"""

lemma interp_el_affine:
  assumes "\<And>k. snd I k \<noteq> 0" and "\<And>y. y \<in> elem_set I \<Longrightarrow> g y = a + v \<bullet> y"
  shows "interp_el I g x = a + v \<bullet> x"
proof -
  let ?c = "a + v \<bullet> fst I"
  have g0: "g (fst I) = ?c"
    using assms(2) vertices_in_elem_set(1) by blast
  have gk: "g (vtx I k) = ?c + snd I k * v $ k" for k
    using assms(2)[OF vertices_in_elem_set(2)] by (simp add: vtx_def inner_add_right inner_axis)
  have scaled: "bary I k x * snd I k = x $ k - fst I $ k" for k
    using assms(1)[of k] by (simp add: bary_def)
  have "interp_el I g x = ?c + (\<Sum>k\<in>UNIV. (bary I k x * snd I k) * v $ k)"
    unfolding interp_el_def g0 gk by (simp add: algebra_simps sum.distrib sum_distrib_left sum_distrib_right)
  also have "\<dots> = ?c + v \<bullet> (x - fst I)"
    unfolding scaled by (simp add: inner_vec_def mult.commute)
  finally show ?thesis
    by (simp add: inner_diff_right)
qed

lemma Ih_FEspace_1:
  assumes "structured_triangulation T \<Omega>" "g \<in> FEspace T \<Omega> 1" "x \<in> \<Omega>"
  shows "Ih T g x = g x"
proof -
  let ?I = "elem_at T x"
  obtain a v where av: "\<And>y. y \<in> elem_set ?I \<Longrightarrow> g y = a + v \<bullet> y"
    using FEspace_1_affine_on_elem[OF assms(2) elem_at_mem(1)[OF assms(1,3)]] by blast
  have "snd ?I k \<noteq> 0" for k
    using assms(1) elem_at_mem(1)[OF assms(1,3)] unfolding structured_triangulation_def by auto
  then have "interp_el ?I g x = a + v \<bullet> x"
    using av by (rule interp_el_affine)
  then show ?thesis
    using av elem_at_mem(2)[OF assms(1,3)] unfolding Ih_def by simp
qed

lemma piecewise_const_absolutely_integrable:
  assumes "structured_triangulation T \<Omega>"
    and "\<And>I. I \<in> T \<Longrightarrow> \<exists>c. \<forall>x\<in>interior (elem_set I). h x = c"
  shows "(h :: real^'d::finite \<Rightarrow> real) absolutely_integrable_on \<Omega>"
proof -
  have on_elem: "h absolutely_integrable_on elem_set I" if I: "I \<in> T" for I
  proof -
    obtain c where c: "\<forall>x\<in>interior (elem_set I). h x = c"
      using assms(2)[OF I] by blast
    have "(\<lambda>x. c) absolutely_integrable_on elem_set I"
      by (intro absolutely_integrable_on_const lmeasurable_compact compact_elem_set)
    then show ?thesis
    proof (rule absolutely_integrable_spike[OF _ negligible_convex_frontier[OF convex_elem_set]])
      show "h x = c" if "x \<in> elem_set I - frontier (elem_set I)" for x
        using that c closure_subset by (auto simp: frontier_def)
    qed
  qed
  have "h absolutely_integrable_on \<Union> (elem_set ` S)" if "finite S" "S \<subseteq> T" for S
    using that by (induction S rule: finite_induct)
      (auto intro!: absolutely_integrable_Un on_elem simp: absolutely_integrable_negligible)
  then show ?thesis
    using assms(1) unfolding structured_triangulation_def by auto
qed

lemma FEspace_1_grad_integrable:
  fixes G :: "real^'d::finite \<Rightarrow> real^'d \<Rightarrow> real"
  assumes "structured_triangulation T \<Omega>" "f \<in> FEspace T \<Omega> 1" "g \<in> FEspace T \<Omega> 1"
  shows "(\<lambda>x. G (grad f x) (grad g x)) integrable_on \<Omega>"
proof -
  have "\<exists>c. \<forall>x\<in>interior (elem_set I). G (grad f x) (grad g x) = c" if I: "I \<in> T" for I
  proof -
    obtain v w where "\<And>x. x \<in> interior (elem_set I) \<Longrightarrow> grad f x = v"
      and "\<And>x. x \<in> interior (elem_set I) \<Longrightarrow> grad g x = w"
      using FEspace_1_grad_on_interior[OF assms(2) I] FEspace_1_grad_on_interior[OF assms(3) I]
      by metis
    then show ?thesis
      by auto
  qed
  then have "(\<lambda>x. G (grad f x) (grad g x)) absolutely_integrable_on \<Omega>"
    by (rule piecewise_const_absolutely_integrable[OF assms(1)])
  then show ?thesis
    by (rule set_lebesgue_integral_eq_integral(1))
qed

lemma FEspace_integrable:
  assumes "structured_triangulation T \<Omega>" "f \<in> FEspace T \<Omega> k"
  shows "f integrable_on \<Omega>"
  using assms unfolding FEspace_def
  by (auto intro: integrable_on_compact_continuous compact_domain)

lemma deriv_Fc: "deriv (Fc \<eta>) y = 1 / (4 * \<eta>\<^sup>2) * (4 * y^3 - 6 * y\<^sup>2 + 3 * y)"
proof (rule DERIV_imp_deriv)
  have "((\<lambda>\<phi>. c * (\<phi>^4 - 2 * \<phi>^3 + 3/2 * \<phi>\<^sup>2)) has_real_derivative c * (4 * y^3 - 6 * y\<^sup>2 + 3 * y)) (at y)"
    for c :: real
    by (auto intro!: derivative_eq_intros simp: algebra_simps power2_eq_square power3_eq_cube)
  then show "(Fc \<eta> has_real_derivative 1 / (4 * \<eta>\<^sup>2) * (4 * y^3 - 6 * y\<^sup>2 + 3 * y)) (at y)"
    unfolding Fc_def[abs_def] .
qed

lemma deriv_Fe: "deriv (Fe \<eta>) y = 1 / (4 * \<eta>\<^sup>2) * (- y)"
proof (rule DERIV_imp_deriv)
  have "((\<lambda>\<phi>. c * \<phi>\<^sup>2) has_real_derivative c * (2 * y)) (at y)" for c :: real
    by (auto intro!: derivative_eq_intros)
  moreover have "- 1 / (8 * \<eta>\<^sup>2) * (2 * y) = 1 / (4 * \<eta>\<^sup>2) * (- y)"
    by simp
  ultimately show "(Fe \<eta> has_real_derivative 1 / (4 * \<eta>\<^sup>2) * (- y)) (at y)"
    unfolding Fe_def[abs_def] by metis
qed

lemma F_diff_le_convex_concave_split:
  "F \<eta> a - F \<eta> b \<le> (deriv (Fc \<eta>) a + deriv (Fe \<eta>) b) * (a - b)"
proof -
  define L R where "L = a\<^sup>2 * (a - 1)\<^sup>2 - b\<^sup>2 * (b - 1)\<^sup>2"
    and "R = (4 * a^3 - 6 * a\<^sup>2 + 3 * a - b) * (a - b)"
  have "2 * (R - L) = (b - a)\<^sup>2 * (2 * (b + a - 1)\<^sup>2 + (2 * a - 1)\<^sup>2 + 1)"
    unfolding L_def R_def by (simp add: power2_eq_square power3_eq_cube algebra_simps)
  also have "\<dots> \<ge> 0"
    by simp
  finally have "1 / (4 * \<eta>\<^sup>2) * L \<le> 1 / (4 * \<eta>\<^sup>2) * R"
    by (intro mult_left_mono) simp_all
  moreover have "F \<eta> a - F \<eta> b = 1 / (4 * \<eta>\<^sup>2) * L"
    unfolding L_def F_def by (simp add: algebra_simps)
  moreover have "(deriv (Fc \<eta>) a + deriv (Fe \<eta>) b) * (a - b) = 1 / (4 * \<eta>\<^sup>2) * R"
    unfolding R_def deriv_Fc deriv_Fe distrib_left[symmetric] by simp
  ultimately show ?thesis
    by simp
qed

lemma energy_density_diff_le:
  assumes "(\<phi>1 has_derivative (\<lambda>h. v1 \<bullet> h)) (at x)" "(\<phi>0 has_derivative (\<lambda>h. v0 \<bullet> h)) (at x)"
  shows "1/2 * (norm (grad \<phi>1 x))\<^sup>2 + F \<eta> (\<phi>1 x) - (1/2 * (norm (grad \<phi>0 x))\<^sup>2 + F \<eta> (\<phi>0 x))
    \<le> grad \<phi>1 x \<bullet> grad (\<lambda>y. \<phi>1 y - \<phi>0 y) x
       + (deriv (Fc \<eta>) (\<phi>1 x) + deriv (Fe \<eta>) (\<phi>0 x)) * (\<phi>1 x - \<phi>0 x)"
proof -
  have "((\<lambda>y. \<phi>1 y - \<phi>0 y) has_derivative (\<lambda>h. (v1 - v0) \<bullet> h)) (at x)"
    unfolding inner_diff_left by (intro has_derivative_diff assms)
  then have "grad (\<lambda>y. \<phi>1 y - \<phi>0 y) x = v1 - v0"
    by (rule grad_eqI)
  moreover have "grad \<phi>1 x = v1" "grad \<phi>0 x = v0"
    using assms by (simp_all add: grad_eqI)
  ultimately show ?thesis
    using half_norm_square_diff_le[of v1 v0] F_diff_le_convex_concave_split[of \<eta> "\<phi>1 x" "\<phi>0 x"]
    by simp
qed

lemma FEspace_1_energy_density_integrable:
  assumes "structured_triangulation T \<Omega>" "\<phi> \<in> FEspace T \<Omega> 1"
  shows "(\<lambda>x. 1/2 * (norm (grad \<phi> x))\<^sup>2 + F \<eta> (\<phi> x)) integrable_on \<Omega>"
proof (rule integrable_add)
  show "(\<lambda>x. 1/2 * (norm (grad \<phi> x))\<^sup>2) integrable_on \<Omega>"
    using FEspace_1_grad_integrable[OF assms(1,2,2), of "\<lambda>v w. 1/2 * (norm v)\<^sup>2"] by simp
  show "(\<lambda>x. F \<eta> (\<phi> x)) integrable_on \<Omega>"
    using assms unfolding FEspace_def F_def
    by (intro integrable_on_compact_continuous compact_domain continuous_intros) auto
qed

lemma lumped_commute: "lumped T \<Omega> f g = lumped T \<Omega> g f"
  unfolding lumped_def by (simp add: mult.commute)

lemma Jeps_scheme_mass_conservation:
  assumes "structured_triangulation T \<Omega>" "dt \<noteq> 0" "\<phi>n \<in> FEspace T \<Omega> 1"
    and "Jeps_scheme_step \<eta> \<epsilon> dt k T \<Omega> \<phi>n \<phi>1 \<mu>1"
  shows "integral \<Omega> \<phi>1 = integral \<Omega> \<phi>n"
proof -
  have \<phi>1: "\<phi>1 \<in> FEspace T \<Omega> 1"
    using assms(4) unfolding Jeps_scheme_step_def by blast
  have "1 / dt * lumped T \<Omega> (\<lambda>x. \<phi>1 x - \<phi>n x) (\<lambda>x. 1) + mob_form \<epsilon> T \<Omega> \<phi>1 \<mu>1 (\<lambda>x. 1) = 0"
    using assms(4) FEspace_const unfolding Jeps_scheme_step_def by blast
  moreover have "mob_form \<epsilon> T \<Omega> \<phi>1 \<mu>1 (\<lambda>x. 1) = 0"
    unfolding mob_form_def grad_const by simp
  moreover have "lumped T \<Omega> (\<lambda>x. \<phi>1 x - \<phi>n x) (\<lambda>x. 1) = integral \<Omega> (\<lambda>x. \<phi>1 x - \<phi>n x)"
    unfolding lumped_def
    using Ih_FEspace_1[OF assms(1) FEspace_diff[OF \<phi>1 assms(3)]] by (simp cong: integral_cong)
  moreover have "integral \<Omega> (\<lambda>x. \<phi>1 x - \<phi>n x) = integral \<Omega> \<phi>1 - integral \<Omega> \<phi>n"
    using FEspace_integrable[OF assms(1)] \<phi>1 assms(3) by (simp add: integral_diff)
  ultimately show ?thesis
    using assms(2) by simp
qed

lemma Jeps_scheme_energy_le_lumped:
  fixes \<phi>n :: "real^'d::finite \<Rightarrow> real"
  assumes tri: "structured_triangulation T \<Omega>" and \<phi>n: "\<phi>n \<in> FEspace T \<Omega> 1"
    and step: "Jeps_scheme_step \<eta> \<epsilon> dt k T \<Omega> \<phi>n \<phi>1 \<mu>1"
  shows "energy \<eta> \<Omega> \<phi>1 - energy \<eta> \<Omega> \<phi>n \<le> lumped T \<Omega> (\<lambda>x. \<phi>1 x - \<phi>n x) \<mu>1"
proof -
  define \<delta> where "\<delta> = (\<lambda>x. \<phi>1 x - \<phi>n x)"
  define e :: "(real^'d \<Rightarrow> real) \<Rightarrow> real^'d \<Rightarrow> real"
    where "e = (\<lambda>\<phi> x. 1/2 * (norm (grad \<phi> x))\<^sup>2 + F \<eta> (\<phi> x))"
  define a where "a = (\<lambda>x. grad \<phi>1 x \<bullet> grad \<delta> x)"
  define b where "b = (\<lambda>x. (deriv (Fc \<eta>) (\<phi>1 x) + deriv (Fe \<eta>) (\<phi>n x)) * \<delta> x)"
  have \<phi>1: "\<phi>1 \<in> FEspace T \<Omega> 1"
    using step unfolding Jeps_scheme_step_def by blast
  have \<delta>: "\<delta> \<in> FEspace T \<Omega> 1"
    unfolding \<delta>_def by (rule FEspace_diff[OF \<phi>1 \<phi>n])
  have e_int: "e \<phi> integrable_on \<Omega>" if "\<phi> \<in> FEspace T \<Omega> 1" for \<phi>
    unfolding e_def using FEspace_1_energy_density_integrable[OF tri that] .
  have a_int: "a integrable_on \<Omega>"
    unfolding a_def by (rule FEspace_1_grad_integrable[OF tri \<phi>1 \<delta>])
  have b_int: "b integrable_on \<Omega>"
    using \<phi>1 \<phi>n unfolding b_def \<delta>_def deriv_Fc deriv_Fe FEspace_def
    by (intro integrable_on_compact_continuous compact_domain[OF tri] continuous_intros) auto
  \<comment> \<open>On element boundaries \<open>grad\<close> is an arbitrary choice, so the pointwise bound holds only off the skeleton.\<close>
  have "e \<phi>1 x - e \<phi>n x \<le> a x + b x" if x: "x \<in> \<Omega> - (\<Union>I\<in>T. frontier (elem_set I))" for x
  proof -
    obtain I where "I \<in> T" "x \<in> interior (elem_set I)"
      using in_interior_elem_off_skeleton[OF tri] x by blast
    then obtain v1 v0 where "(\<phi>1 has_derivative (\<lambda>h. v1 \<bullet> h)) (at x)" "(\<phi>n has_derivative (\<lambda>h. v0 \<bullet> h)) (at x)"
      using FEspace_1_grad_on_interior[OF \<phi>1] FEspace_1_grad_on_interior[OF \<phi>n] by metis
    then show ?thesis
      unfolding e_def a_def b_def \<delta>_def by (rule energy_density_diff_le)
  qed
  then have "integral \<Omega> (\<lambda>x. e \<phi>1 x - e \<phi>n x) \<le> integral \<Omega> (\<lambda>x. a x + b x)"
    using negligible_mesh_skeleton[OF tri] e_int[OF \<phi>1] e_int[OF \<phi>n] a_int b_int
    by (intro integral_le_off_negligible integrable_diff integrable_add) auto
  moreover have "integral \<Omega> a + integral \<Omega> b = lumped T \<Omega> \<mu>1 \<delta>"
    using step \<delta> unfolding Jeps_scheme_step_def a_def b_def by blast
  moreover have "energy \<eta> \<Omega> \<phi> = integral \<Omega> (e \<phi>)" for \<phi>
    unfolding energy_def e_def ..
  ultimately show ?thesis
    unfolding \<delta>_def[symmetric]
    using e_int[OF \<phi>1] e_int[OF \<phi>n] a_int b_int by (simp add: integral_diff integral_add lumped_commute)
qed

"""

> Activity: Tally the lines of the material above that contain the word "noteq" and report the total alone.

> Solution for this problem: 3